Asked what worried them most, 26 per cent across the UK said independence for Scotland, Wales or Northern Ireland and those who do not, while in Scotland the figure was 60 per cent.

Stephen Gethins, professor of practice in international relations at the University of St Andrews and former SNP MP, said: “There can be no space however for abuse and personalised attacks.

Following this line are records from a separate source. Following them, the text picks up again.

(* Let $S$ be a Gröbner–Shirshov basis in $K\langle X;\Omega\rangle$ (with respect to a fixed monomial ordering $>$ on $\mathfrak{S}(X)$). Let $u_1,u_2\in\mathfrak{S}^\star(X)$ and $s_1,s_2\in S$ be such that $w=u_1|_{\overline{s_1}}=u_2|_{\overline{s_2}}$. Then $$u_1|_{s_1}\equiv u_2|_{s_2}\ \ \mathrm{mod}\,(S,w).$$
   Context: General setup. $K$ is a commutative ring with unit, $X$ a set, and $\Omega=\bigcup_{n\ge1}\Omega_n$ a set of operation symbols, $\Omega_n$ being the $n$-ary ones. For a set $A$ let $\Omega(A)=\{\delta(u_1,\dots,u_t)\mid t\ge1,\ \delta\in\Omega_t,\ u_i\in A\}$ (formal expressions). For a set $Y$, $S(Y)$ denotes the free semigroup (nonempty words) and $Y^*$ the free monoid on $Y$. Put $\mathfrak{S}_0=S(X)$ and $\mathfrak{S}_n=S(X\cup\Omega(\mathfrak{S}_{n-1}))$ for $n\ge1$; then $\mathfrak{S}_0\subset\mathfrak{S}_1\subset\cdots$ and $\mathfrak{S}(X)=\bigcup_{n\ge0}\mathfrak{S}_n$ (the $\Omega$-words). $K\langle X;\Omega\rangle$ is the free $K$-module with basis $\mathfrak{S}(X)$, with associative multiplication given by concatenation and each $\delta\in\Omega_n$ extended $K$-multilinearly; it is the free associative algebra with multiple linear operators $\Omega$ on $X$; its elements are $\Omega$-polynomials. The prime $\Omega$-words are the elements of $X\cup\Omega(\mathfrak{S}(X))$; each $u\in\mathfrak{S}(X)$ is uniquely a product $u_1\cdots u_n$ of prime $\Omega$-words, and $bre(u)=n$. For a symbol $\star\notin X$, $\mathfrak{S}^\star(X)$ is the set of elements of $\mathfrak{S}(X\cup\{\star\})$ containing exactly one occurrence of $\star$; for $u\in\mathfrak{S}^\star(X)$ and an $\Omega$-polynomial $s$, $u|_s$ denotes the result of replacing $\star$ by $s$ (extended linearly in $s$). A monomial ordering is a well ordering $>$ on $\mathfrak{S}(X)$ such that $w>v$ implies $u|_w>u|_v$ for all $u\in\mathfrak{S}^\star(X)$. For nonzero $f$, $\bar f$ is its largest $\Omega$-word; $f$ is monic if the coefficient of $\bar f$ is $1$. The ideal $Id(S)$ generated by a set $S$ is the $K$-span of all $u|_s$ with $u\in\mathfrak{S}^\star(X)$, $s\in S$, and $K\langle X;\Omega|S\rangle=K\langle X;\Omega\rangle/Id(S)$. For monic $f,g$: (I) if $w=\bar f a=b\bar g$ for some $a,b\in\mathfrak{S}(X)$ with $bre(w)<bre(\bar f)+bre(\bar g)$, then $(f,g)_w=fa-bg$ is an intersection composition; (II) if $w=\bar f=u|_{\bar g}$ for some $u\in\mathfrak{S}^\star(X)$, then $(f,g)_w=f-u|_g$ is an including composition. For a set $S$ of monic $\Omega$-polynomials, an $\Omega$-word $w$, and $\Omega$-polynomials $p,q$, we write $p\equiv q\ \mathrm{mod}(S,w)$ if $p-q=\sum_i\alpha_iu_i|_{s_i}$ with $\alpha_i\in K$, $u_i\in\mathfrak{S}^\star(X)$, $s_i\in S$ and $u_i|_{\overline{s_i}}<w$ for all $i$. $S$ is a Gröbner–Shirshov basis if every composition $(f,g)_w$ with $f,g\in S$ satisfies $(f,g)_w\equiv0\ \mathrm{mod}(S,w)$. *)

theory Defs
  imports Main "HOL-Library.Poly_Mapping"
begin
lemma pairing_resolvent_sums:
  assumes \<mu>: "\<mu> \<notin> range lam" and C: "continuous_on UNIV C" "per1 C"
    and \<phi>: "per1 \<phi>" "twice_diff \<phi>"
    and eq: "\<And>x. D * deriv (deriv \<phi>) x + (A x - \<mu>) * \<phi> x = k * C x"
  shows "(\<lambda>n. k * (integral {0..1} (\<lambda>y. C y * \<psi> n y))\<^sup>2 / (lam n - \<mu>))
           sums integral {0..1} (\<lambda>y. C y * \<phi> y)"
proof -
  have "integral {0..1} (\<lambda>x. \<phi> x * \<psi> n x) = k * integral {0..1} (\<lambda>y. C y * \<psi> n y) / (lam n - \<mu>)" for n
  proof -
    have "(lam n - \<mu>) * integral {0..1} (\<lambda>x. \<phi> x * \<psi> n x) = integral {0..1} (\<lambda>x. k * (C x * \<psi> n x))"
      using coefficient_equation[OF \<phi> _ eq] C(1) by (simp add: continuous_intros mult.assoc)
    moreover have "lam n - \<mu> \<noteq> 0"
      using \<mu> by auto
    ultimately show ?thesis
      by (simp add: field_simps)
  qed
  moreover have "(\<lambda>N. \<Sum>n<N. integral {0..1} (\<lambda>x. C x * \<psi> n x) * integral {0..1} (\<lambda>x. \<phi> x * \<psi> n x))
      \<longlonglongrightarrow> integral {0..1} (\<lambda>x. C x * \<phi> x)"
    using continuous_on_subset[OF C(1)] continuous_on_subset[OF twice_diff_continuous[OF \<phi>(2)]]
    by (intro ONB01_parseval[OF ONB continuous_\<psi>]) auto
  ultimately show ?thesis
    by (simp add: sums_def power2_eq_square mult_ac)
qed

definition nonlocal_eigenfunction :: "(real \<Rightarrow> real) \<Rightarrow> real \<Rightarrow> real \<Rightarrow> (real \<Rightarrow> real) \<Rightarrow> bool" where
  "nonlocal_eigenfunction C M \<nu> \<phi> \<longleftrightarrow> per1 \<phi> \<and> twice_diff \<phi> \<and> (\<exists>x. \<phi> x \<noteq> 0) \<and>
     (\<forall>x. D * deriv (deriv \<phi>) x + (A x - \<nu>) * \<phi> x = M * C x * integral {0..1} (\<lambda>y. C y * \<phi> y))"

lemma nonlocal_eigenfunction_imp_sums:
  assumes \<nu>: "\<nu> \<notin> range lam" and C: "continuous_on UNIV C" "per1 C" and M: "M \<noteq> 0"
    and "nonlocal_eigenfunction C M \<nu> \<phi>"
  shows "(\<lambda>n. (integral {0..1} (\<lambda>y. C y * \<psi> n y))\<^sup>2 / (lam n - \<nu>)) sums (1 / M)"
    (is "?series sums _")
proof -
  define c where "c = integral {0..1} (\<lambda>y. C y * \<phi> y)"
  have \<phi>: "per1 \<phi>" "twice_diff \<phi>" and nonzero: "\<exists>x. \<phi> x \<noteq> 0"
    and eq: "\<And>x. D * deriv (deriv \<phi>) x + (A x - \<nu>) * \<phi> x = (M * c) * C x"
    using assms(5) by (auto simp: nonlocal_eigenfunction_def c_def mult_ac)
  have "c \<noteq> 0"
  proof
    assume "c = 0"
    then have "D * deriv (deriv \<phi>) x + (A x - \<nu>) * \<phi> x = 0" for x
      using eq[of x] by simp
    with nonzero show False
      using homogeneous_solution_eq_0[OF \<nu> \<phi>] by blast
  qed
  have "(\<lambda>n. (M * c) * ?series n) sums c"
    using pairing_resolvent_sums[OF \<nu> C \<phi> eq] by (simp add: c_def)
  then show "?series sums (1 / M)"
    using sums_mult_iff[of "M * c" ?series "1 / M"] M \<open>c \<noteq> 0\<close> by simp
qed
fun fM :: "('x \<Rightarrow> 'e \<Rightarrow> 'x option) \<Rightarrow> 'e set \<Rightarrow> 'e set \<Rightarrow> ('z \<Rightarrow> 'e \<Rightarrow> 'z option)
    \<Rightarrow> ('x, 'z, 'e) mstate \<Rightarrow> 'e mevent \<Rightarrow> ('x, 'z, 'e) mstate option" where
  "fM d So Sv xi (Env q qt (Some z)) ev =
     (case ev of MObs e \<Rightarrow>
        (if e \<in> Obs d So (snd ` qt) (DeltaH xi z) then Some (Att q qt (Some z) e) else None)
      | _ \<Rightarrow> None)"
| "fM d So Sv xi (Env q qt None) ev = None"
| "fM d So Sv xi (Att q qt (Some z) e) ev =
     (if ev \<in> Vset Sv e then
        (let ea = hat_val ev;
             q' = NX d ea (UR d So (DeltaH xi z) q);
             qt' = NX (aug d) (Some e) (UR (aug d) So (DeltaH xi z) qt)
         in if q' \<noteq> {} then Some (Env q' qt' (xi_eps xi z ea))
            else Some (Env q' qt' None))
      else None)"
| "fM d So Sv xi (Att q qt None e) ev = None"

fun fMstar :: "('x \<Rightarrow> 'e \<Rightarrow> 'x option) \<Rightarrow> 'e set \<Rightarrow> 'e set \<Rightarrow> ('z \<Rightarrow> 'e \<Rightarrow> 'z option)
    \<Rightarrow> ('x, 'z, 'e) mstate \<Rightarrow> 'e mevent list \<Rightarrow> ('x, 'z, 'e) mstate option" where
  "fMstar d So Sv xi m [] = Some m"
| "fMstar d So Sv xi m (ev # evs) =
     (case fM d So Sv xi m ev of None \<Rightarrow> None | Some m' \<Rightarrow> fMstar d So Sv xi m' evs)"
lemma bulb_01: "bulb n sw j = 0 \<or> bulb n sw j = 1"
  unfolding bulb_def by presburger

lemma bulb_toggle_one_switch:
  assumes "m \<in> {1..n}" and "\<And>r. r \<noteq> m \<Longrightarrow> sw' r j = sw r j" and "sw' m j \<noteq> sw m j"
  shows "bulb n sw' j = 1 - bulb n sw j"
proof -
  have "(\<Sum>r\<in>{1..n} - {m}. if sw' r j then 1 else 0) = (\<Sum>r\<in>{1..n} - {m}. if sw r j then 1 else (0::nat))"
    using assms(2) by (intro sum.cong) auto
  then show ?thesis
    unfolding bulb_split_stage[OF assms(1)] using assms(3) by (cases "sw m j") (simp_all, presburger+)
qed

lemma bulb_swap_stage:
  assumes "m \<in> {1..n}" and "sw m i \<noteq> sw m J"
  shows "bulb n (swap_stage m i J sw) j = (if j = i \<or> j = J then 1 - bulb n sw j else bulb n sw j)"
proof (cases "j = i \<or> j = J")
  case True
  have "swap_stage m i J sw m j \<noteq> sw m j"
    using True assms(2) by (auto simp: swap_stage_def)
  then have "bulb n (swap_stage m i J sw) j = 1 - bulb n sw j"
    by (intro bulb_toggle_one_switch[OF assms(1)]) (simp_all add: swap_stage_def)
  with True show ?thesis by simp
next
  case False
  then show ?thesis
    unfolding bulb_def by (auto intro!: arg_cong[where f = "\<lambda>x. x mod 2"] sum.cong simp: swap_stage_def)
qed

lemma total_swap_stage:
  assumes "m \<in> {1..n}" and "sw m i \<noteq> sw m J" and "i \<in> {1..n}" and "J \<in> {1..n}"
  shows "total n (swap_stage m i J sw) + bulb n sw i + bulb n sw J
       = total n sw + (1 - bulb n sw i) + (1 - bulb n sw J)"
proof -
  have "i \<noteq> J" using assms(2) by auto
  have split: "total n sw' = bulb n sw' i + bulb n sw' J + (\<Sum>j\<in>{1..n} - {i, J}. bulb n sw' j)" for sw'
    unfolding total_def using assms(3,4) \<open>i \<noteq> J\<close> by (subst sum.subset_diff[of "{i, J}"]) auto
  have "(\<Sum>j\<in>{1..n} - {i, J}. bulb n (swap_stage m i J sw) j) = (\<Sum>j\<in>{1..n} - {i, J}. bulb n sw j)"
    by (intro sum.cong) (auto simp: bulb_swap_stage[of m n sw i J, OF assms(1,2)])
  then show ?thesis
    using split[of sw] split[of "swap_stage m i J sw"] bulb_swap_stage[of m n sw i J, OF assms(1,2)]
    by simp
qed

lemma total_sb_config:
  assumes "even n" and "n > 0" and "sw (n div 2) i \<noteq> sw (n div 2) J" and "i \<in> {1..n}" and "J \<in> {1..n}"
  shows "total n (sb_config n sw i J)
       = total n sw + (if bulb n sw i = 0 \<and> bulb n sw J = 0 then 2 else 0)"
proof -
  have "n div 2 \<in> {1..n}" using assms(1,2) by auto
  from total_swap_stage[of "n div 2" n sw i J, OF this assms(3-5)] show ?thesis
    using bulb_01[of n sw i] bulb_01[of n sw J] by (auto simp: sb_config_def)
qed

lemma mem_partners_swap_stage_sets:
  "J \<in> partners m n S i \<Longrightarrow> J \<in> partners m n (swap_stage_sets m i J S) i"
  by (auto simp: partners_def switch_of_swap_stage_sets swap_stage_def)

lemma bij_betw_swap_stage_sets:
  assumes "m \<in> {1..n}" and "i \<in> {1..n}"
  shows "bij_betw (\<lambda>(S, J). (swap_stage_sets m i J S, J))
           (SIGMA S:{S \<in> stage_configs n. bulb n (switch_of S) i = 0}. partners m n S i)
           (SIGMA S:{S \<in> stage_configs n. bulb n (switch_of S) i = 1}. partners m n S i)"
proof -
  have maps_to: "(swap_stage_sets m i J S, J)
      \<in> (SIGMA S:{S \<in> stage_configs n. bulb n (switch_of S) i = 1 - b}. partners m n S i)"
    if "S \<in> stage_configs n" "bulb n (switch_of S) i = b" "J \<in> partners m n S i" for S J b
  proof -
    have "J \<in> {1..n}" and "switch_of S m i \<noteq> switch_of S m J"
      using that(3) by (auto simp: partners_def)
    then show ?thesis
      using that assms swap_stage_sets_mem_stage_configs mem_partners_swap_stage_sets
      by (auto simp: switch_of_swap_stage_sets bulb_swap_stage)
  qed
  show ?thesis
    by (rule bij_betw_byWitness[where f' = "\<lambda>(S, J). (swap_stage_sets m i J S, J)"])
      (use maps_to[where b = 0] maps_to[where b = 1] in auto)
qed

lemma sum_partners_sb_config:
  fixes g :: "nat \<Rightarrow> real"
  assumes "even n" and "n > 0" and "i \<in> {1..n}"
  shows "(\<Sum>S\<in>stage_configs n. \<Sum>J\<in>partners (n div 2) n S i. g (total n (sb_config n (switch_of S) i J)))
       = n * (\<Sum>S\<in>stage_configs n. if bulb n (switch_of S) i = 1 then g (total n (switch_of S)) else 0)"
proof -
  define m where "m = n div 2"
  have m_range: "m \<in> {1..n}" and "real n = 2 * real m"
    using assms(1,2) by (auto simp: m_def)
  define \<Omega>\<^sub>0 where "\<Omega>\<^sub>0 = {S \<in> stage_configs n. bulb n (switch_of S) i = 0}"
  define \<Omega>\<^sub>1 where "\<Omega>\<^sub>1 = {S \<in> stage_configs n. bulb n (switch_of S) i = 1}"
  define G where "G = (\<lambda>S J. g (total n (sb_config n (switch_of S) i J)))"
  define H where "H = (\<lambda>S. g (total n (switch_of S)))"
  have fin: "finite \<Omega>\<^sub>0" "finite \<Omega>\<^sub>1" "\<And>S. finite (partners m n S i)"
    using finite_stage_configs by (auto simp: \<Omega>\<^sub>0_def \<Omega>\<^sub>1_def partners_def)
  have "stage_configs n = \<Omega>\<^sub>1 \<union> \<Omega>\<^sub>0" and "\<Omega>\<^sub>1 \<inter> \<Omega>\<^sub>0 = {}"
    unfolding \<Omega>\<^sub>0_def \<Omega>\<^sub>1_def using bulb_01 by blast auto
  then have "(\<Sum>S\<in>stage_configs n. \<Sum>J\<in>partners m n S i. G S J)
      = (\<Sum>S\<in>\<Omega>\<^sub>1. \<Sum>J\<in>partners m n S i. G S J) + (\<Sum>S\<in>\<Omega>\<^sub>0. \<Sum>J\<in>partners m n S i. G S J)"
    by (simp add: sum.union_disjoint fin)
  also have "(\<Sum>S\<in>\<Omega>\<^sub>1. \<Sum>J\<in>partners m n S i. G S J) = (\<Sum>S\<in>\<Omega>\<^sub>1. \<Sum>J\<in>partners m n S i. H S)"
    by (simp add: G_def H_def \<Omega>\<^sub>1_def sb_config_def)
  also have "(\<Sum>S\<in>\<Omega>\<^sub>0. \<Sum>J\<in>partners m n S i. G S J)
      = (\<Sum>S\<in>\<Omega>\<^sub>0. \<Sum>J\<in>partners m n S i. H (swap_stage_sets m i J S))"
    by (intro sum.cong) (auto simp: G_def H_def \<Omega>\<^sub>0_def sb_config_def switch_of_swap_stage_sets m_def)
  also have "\<dots> = (\<Sum>(S, J)\<in>(SIGMA S:\<Omega>\<^sub>0. partners m n S i). H (swap_stage_sets m i J S))"
    by (rule sum.Sigma) (use fin in auto)
  also have "\<dots> = (\<Sum>(S, J)\<in>(SIGMA S:\<Omega>\<^sub>1. partners m n S i). H S)"
    using sum.reindex_bij_betw[OF bij_betw_swap_stage_sets[OF m_range assms(3)], of "\<lambda>(S, J). H S"]
    by (simp add: split_def \<Omega>\<^sub>0_def \<Omega>\<^sub>1_def)
  also have "\<dots> = (\<Sum>S\<in>\<Omega>\<^sub>1. \<Sum>J\<in>partners m n S i. H S)"
    by (rule sum.Sigma[symmetric]) (use fin in auto)
  finally have "(\<Sum>S\<in>stage_configs n. \<Sum>J\<in>partners m n S i. G S J) = n * (\<Sum>S\<in>\<Omega>\<^sub>1. H S)"
    using card_partners_half[OF assms(1,2)] \<open>real n = 2 * real m\<close>
    by (simp add: \<Omega>\<^sub>1_def sum_distrib_left mult.assoc flip: m_def)
  then show ?thesis
    by (simp add: G_def H_def \<Omega>\<^sub>1_def m_def sum.inter_filter[OF finite_stage_configs])
qed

It undermines our democracy and bluntly undermines the case that the person is seeking to promote.“Over the coming months and years voters in Scotland will continue to be required to make significant decisions over the country’s future and this study shows that people want to see a debate that is respectful and informed.”Bishop Nick Baines, chair of /Together trustees, said: “Despite the immense challenges of this pandemic, people have responded by pulling together, not apart.

"That is quite remarkable, given how divided our society looked as Britain entered 2020.“There are worries, too, about divisions re-emerging in the difficult times to come.

"But we found a clear public appetite for a society in which we are more connected to each other and the community spirit of 2020 is kept alive.”